▶ ABOUT THIS TASK:
Would you repeat exactly the part of the listing below that runs from the line containing "by (rule Hausdorff_space_injective_preimage)" down to the line containing "Y1 \<Longrightarrow> a'", inclusive, and nothing else?

▶ PROVIDED RECORDS:
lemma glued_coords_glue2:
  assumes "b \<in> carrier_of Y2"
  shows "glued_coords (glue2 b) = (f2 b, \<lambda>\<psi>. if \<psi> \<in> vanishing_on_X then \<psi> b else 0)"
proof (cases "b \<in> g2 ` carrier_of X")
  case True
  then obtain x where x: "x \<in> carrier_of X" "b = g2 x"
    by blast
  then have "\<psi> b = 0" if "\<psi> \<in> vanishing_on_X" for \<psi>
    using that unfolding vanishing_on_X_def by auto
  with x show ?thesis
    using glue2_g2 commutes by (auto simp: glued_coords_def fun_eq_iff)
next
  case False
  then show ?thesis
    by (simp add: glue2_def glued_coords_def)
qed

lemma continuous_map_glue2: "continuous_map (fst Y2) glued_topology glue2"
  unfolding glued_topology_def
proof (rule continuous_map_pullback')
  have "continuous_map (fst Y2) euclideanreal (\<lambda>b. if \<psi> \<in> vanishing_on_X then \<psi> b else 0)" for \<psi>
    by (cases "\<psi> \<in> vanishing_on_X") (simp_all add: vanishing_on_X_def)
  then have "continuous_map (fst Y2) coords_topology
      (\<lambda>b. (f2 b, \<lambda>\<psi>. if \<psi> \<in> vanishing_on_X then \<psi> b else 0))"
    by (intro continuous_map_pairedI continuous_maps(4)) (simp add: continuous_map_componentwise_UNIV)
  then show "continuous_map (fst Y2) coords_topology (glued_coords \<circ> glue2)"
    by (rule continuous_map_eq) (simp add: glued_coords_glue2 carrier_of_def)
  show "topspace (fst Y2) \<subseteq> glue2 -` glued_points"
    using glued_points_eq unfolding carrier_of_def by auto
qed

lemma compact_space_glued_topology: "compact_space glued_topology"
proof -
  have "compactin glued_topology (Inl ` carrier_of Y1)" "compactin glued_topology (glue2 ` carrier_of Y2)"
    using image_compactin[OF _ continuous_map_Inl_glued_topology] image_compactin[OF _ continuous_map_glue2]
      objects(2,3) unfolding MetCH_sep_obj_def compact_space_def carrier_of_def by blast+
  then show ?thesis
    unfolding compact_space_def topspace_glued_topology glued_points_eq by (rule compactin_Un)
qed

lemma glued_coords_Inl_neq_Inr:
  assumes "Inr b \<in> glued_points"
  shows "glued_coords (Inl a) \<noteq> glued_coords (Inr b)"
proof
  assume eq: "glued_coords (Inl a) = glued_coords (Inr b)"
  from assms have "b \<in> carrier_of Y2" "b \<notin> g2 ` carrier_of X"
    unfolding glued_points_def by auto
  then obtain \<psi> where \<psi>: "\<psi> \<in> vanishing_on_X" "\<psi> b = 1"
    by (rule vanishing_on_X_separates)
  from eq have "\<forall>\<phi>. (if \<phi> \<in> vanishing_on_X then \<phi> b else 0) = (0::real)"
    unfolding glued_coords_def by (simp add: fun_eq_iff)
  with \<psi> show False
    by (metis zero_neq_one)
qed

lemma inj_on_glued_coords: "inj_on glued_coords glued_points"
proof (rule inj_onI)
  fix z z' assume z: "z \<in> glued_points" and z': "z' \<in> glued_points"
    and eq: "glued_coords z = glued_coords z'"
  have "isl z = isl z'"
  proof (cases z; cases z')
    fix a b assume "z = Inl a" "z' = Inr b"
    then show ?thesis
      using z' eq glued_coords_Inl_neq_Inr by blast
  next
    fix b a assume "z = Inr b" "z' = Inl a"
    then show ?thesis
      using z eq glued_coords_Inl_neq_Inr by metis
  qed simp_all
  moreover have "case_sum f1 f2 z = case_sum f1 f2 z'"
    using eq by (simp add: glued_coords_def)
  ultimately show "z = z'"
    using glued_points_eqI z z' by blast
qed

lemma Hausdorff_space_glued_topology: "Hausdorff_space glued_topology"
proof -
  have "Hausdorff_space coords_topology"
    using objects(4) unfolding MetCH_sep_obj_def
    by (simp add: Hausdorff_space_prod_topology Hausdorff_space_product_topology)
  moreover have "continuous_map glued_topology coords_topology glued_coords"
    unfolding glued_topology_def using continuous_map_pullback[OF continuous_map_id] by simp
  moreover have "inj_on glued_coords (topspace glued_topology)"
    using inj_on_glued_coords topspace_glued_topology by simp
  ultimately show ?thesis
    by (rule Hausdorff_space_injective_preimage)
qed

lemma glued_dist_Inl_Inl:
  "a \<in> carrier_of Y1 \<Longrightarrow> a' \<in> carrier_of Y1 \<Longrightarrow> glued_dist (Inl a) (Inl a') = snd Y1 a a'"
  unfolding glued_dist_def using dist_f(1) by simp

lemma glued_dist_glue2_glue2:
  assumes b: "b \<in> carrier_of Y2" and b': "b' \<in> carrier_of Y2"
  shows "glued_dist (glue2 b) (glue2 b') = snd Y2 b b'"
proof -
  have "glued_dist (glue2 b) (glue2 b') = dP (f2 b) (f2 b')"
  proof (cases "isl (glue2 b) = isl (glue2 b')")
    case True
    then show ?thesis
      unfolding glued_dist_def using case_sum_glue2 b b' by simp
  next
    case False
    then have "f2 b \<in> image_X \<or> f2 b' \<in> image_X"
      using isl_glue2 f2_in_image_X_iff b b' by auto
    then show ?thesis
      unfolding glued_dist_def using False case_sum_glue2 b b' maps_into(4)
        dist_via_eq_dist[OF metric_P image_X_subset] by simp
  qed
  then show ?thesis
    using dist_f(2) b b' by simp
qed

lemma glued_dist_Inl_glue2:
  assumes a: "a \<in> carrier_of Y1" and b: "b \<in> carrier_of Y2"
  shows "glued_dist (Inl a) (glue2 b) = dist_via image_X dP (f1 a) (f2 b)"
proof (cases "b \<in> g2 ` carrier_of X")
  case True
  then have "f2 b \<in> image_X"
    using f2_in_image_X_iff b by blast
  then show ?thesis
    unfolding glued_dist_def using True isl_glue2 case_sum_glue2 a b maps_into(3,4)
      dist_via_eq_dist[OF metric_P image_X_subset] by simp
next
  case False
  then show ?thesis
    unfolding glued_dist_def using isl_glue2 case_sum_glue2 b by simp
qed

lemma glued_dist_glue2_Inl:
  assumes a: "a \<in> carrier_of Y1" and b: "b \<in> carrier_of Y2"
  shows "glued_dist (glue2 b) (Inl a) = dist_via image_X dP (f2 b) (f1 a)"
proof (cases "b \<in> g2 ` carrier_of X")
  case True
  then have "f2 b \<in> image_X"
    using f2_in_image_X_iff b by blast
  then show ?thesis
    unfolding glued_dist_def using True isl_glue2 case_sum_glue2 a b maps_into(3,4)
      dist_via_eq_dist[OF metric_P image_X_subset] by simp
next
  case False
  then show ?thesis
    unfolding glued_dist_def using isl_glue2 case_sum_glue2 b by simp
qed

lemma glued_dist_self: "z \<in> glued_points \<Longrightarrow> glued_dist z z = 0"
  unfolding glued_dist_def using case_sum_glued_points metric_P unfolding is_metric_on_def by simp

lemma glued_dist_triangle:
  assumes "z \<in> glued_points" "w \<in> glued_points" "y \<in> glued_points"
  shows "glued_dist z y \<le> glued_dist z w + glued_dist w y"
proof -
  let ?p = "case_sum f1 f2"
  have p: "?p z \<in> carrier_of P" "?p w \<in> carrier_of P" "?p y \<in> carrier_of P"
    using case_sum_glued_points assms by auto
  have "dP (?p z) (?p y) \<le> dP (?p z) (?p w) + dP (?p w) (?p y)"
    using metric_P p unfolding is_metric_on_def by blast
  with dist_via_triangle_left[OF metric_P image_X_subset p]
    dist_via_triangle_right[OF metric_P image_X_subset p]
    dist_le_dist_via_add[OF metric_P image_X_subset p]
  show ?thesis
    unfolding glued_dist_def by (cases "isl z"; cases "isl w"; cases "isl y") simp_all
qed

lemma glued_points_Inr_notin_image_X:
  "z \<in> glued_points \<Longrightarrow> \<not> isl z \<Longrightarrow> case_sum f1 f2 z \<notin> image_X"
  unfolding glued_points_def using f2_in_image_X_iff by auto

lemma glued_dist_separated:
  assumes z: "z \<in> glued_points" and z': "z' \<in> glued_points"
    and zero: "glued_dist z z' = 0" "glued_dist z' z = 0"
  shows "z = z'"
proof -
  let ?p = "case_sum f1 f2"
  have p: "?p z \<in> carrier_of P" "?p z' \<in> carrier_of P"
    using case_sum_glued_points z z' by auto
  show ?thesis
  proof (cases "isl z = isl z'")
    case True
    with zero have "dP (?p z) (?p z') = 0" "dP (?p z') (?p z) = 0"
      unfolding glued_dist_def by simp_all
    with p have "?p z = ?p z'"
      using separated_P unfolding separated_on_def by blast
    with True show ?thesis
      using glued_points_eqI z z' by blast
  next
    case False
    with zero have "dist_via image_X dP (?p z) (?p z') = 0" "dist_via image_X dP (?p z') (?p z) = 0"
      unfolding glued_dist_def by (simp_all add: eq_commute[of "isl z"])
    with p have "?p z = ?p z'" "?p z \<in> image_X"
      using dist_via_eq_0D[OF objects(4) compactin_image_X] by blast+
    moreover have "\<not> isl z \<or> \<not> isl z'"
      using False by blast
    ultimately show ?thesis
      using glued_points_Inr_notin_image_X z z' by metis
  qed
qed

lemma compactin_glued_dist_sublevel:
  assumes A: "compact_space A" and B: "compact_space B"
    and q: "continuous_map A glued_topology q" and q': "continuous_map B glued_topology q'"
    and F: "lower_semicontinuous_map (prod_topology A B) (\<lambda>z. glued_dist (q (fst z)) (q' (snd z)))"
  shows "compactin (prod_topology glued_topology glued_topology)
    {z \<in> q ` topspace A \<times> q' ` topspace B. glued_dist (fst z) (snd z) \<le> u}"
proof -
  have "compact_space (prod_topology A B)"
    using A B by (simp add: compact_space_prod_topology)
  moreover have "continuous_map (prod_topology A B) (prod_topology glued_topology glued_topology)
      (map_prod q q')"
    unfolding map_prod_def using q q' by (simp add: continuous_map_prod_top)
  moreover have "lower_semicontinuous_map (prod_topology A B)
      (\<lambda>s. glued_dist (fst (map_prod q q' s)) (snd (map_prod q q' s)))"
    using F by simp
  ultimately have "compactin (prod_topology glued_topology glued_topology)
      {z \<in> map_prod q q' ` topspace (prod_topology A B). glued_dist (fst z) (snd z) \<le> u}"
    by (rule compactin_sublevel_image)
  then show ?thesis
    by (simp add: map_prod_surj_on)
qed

--

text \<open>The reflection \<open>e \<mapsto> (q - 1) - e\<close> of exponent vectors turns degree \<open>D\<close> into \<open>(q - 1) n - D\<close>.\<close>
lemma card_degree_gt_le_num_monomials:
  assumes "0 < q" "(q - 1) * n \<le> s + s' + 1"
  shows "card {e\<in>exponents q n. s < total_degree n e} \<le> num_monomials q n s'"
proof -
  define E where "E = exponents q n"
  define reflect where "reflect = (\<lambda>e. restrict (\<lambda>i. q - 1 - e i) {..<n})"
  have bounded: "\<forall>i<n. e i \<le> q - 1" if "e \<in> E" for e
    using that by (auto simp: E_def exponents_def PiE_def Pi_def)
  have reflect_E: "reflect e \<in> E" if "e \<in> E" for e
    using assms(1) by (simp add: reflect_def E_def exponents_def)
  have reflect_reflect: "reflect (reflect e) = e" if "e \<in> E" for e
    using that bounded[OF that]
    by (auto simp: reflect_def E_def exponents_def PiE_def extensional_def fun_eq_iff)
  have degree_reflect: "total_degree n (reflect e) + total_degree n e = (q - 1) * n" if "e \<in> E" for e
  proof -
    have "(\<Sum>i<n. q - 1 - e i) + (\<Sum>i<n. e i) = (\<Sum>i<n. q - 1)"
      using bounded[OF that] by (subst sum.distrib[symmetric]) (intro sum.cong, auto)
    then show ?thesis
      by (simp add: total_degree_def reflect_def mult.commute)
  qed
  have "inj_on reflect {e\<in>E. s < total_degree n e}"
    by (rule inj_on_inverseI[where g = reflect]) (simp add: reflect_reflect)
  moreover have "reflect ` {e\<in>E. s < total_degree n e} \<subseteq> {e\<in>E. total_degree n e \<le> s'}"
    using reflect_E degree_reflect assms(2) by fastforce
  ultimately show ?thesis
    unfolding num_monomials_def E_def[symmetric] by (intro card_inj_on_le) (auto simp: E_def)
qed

▶ WRITTEN SOLUTION:
    by (rule Hausdorff_space_injective_preimage)
qed

lemma glued_dist_Inl_Inl:
  "a \<in> carrier_of Y1 \<Longrightarrow> a' \<in> carrier_of Y1 \<Longrightarrow> glued_dist (Inl a) (Inl a') = snd Y1 a a'"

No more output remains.